Gobin Ganga 2Georgetown: The Bank of Guyana in 2015 will roll out a three-year strategic plan, designed to scale-up monetary regulations to maintain and enhance the soundness of its financial system, according to newly-appointed Central Bank Governor, Dr Gobind Ganga.

He said this will coincide with the bank’s 50th anniversary.
The visionary document, put together by staff of the bank, with the input of the Directors, and Dr Ganga, who played an instrumental role in the process, is results-based.
Dr Ganga said Guyana has enjoyed a stable financial system, and for the banks, it has been one that is highly liquid, profitable and solvent, and the new plan will build on these positive indicators.
This aside, the plan also addresses issues relating to anti-money laundering and financing of terrorism, but notwithstanding, the Central Bank Governor urged parliamentarians to arrive at a consensus, sooner rather than later, allowing for the passage of the vital legislation currently before the House.
This, Dr Ganga said, is imperative in protecting Guyana from being blacklisted by the FATF,  noting that the global reputational risk would significantly impact national growth, balance of payment, exchange rate and transacting business both within the economy and externally.
Guyana has been given an extended deadline of September 2015 to pass the Anti-Money Laundering and Countering the Financing of Terrorism Bill, which has been held up in Parliament.
The held up has been largely due to feet-dragging and some unreasonable demands from the combined Opposition, the Alliance For Change (AFC) and the A Partnership for National Unity (APNU).
Scores of persons from civil society, the business community and regional organisations have implored parliamentarians here to green light the legislation to protect both the local and regional financial architecture.
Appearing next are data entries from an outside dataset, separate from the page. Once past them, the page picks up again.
theorem mainTheorem19:
  fixes n :: nat and E :: "(nat \<times> nat) set" and Vmax :: "nat set"
    and r rt :: "nat \<times> nat \<Rightarrow> real" and \<gamma> \<epsilon> :: real and \<sigma> \<tau> :: "nat \<Rightarrow> nat"
  assumes "game_graph n E Vmax"
    and "0 < \<gamma>" and "\<gamma> < 1"
    and "0 < \<epsilon>" and "\<forall>e\<in>E. \<bar>r e - rt e\<bar> \<le> \<epsilon>"
    and "is_policy_pair n E Vmax \<sigma> \<tau>"
    and "optimal_pair n E Vmax
           (\<lambda>e. if e \<in> policy_edges n Vmax \<sigma> \<tau> then rt e
                 else rt e - 2 * \<epsilon> / ((1 - \<gamma>) * \<gamma> ^ n)) \<gamma> \<sigma> \<tau>"
    and "optimal_pair n E Vmax
           (\<lambda>e. if e \<in> policy_edges n Vmax \<sigma> \<tau> then rt e
                 else rt e + 2 * \<epsilon> / ((1 - \<gamma>) * \<gamma> ^ n)) \<gamma> \<sigma> \<tau>"
  shows "optimal_pair n E Vmax r \<gamma> \<sigma> \<tau>"
proof -
  note G = assms(1) and pol = assms(6)
  have \<gamma>: "0 \<le> \<gamma>" "\<gamma> < 1" using assms(2,3) by auto
  let ?P = "policy_edges n Vmax \<sigma> \<tau>"
  define \<delta> where "\<delta> = 2 * \<epsilon> / ((1 - \<gamma>) * \<gamma> ^ n)"
  define r1 where "r1 = (\<lambda>e. if e \<in> ?P then rt e else rt e - \<delta>)"
  define r2 where "r2 = (\<lambda>e. if e \<in> ?P then rt e else rt e + \<delta>)"
  define lv where "lv = disc_value n ?P Vmax rt \<gamma>"
  have "disc_value n E Vmax r1 \<gamma> = lv" "disc_value n E Vmax r2 \<gamma> = lv"
    using disc_value_eq_policy_value[OF G \<gamma> pol] assms(7,8)
    unfolding lv_def r1_def r2_def \<delta>_def by auto
  then have lv_r: "solves_bellman n E Vmax r1 \<gamma> lv" "solves_bellman n E Vmax r2 \<gamma> lv"
    using disc_value_solves_bellman(1)[OF G \<gamma>] by metis+
  have lv: "solves_bellman n ?P Vmax rt \<gamma> lv"
    unfolding lv_def using disc_value_solves_bellman(1)[OF game_graph_policy_edges[OF G pol] \<gamma>] .
  have "(1 - \<gamma>) * \<delta> = 2 * \<epsilon> / \<gamma> ^ n"
    using assms(2,3) unfolding \<delta>_def by (simp add: field_simps)
  also have "\<dots> \<ge> 2 * \<epsilon>"
    using assms(2,3,4) by (simp add: field_simps power_le_one)
  finally have margin: "2 * \<epsilon> \<le> (1 - \<gamma>) * \<delta>" .
  show ?thesis
  proof (rule optimal_pair_if_margin[OF G \<gamma> pol assms(5) lv])
    fix i j assume "i \<in> Vmax" "(i, j) \<in> E" "j \<noteq> \<sigma> i"
    then show "(1 - \<gamma>) * rt (i, j) + \<gamma> * lv j + 2 * \<epsilon> \<le> lv i"
      using solves_bellman_edge_le_Max_vertex[OF G lv_r(2)] margin game_graph_Max_vertices_subset[OF G]
      by (force simp: r2_def policy_edges_def algebra_simps)
  next
    fix i j assume "i \<in> {1..n} - Vmax" "(i, j) \<in> E" "j \<noteq> \<tau> i"
    then show "lv i + 2 * \<epsilon> \<le> (1 - \<gamma>) * rt (i, j) + \<gamma> * lv j"
      using solves_bellman_Min_vertex_le_edge[OF G lv_r(1)] margin
      by (force simp: r1_def policy_edges_def algebra_simps)
  qed
qed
Dr Ganga on Friday echoed these calls, noting that the non-passage of the amendments to the Principal Act of the Anti-Money Laundering Bill will have a devastating impact on the economy as trading partners will not want to do business with Guyana.
The local economy, he said has been doing well, enjoying sustained growth, mainly due to prudent financial management, which in part has resulted in Guyana achieving an inflation rate of around 1.2 per cent.
Low inflation means more disposable income in the pockets of the citizenry, which means they are able to purchase more.

Positive outlook
Dr Ganga said the lowered price levels experienced during the past 11 months, are expected to continue during the Christmas period, allowing everyone, whether they are rich or poor, to enjoy a high level of disposable income.
An important term in economics is liquidity, which speaks to money supply. With excess money supply, there is excess aggregate demand and excess aggregate demand results in an increase in price levels, causing high levels of inflation.
This is not good for the economy of any country, and Guyana has been able to be on top, in managing to avoid a situation of high of inflation.
Coming back to the subject of liquidity, Dr Ganga explained that Government does not control the economic variable, pointing out that it is done by the Central Bank.
“Essentially, what we do, we target a certain per cent of money supply in the system that will be conducive and allow for growth and development,” the Central Bank Governor told  Guyana Times.
He explained that excess liquidity is sterilised, absorbed from the system to the issuance of Treasury Bills, noting that these bills are essentially Government’s Treasury Bills.
Government has sequestered some $90 billion to control excess liquidity, and over the past decade, Dr Ganga said it has cost the Government around some $20 billion.
He disclosed that this figure has been reduced significantly since the mid-1990s when in excess of $5 billion was sent in terms of interest costs and absorbing liquidity. In 2014, the cost is around $1.4 billion.
The bank has also been investing foreign reserves in government-backed securities that are highly credible and are A and above in rating.
“We are very conservative, at no one time we try to put investment in securities that will result in a loss, Dr Ganga said.
Currently, the bank keeps about 15 per cent of its reserve in gold, earning an interest on the holding.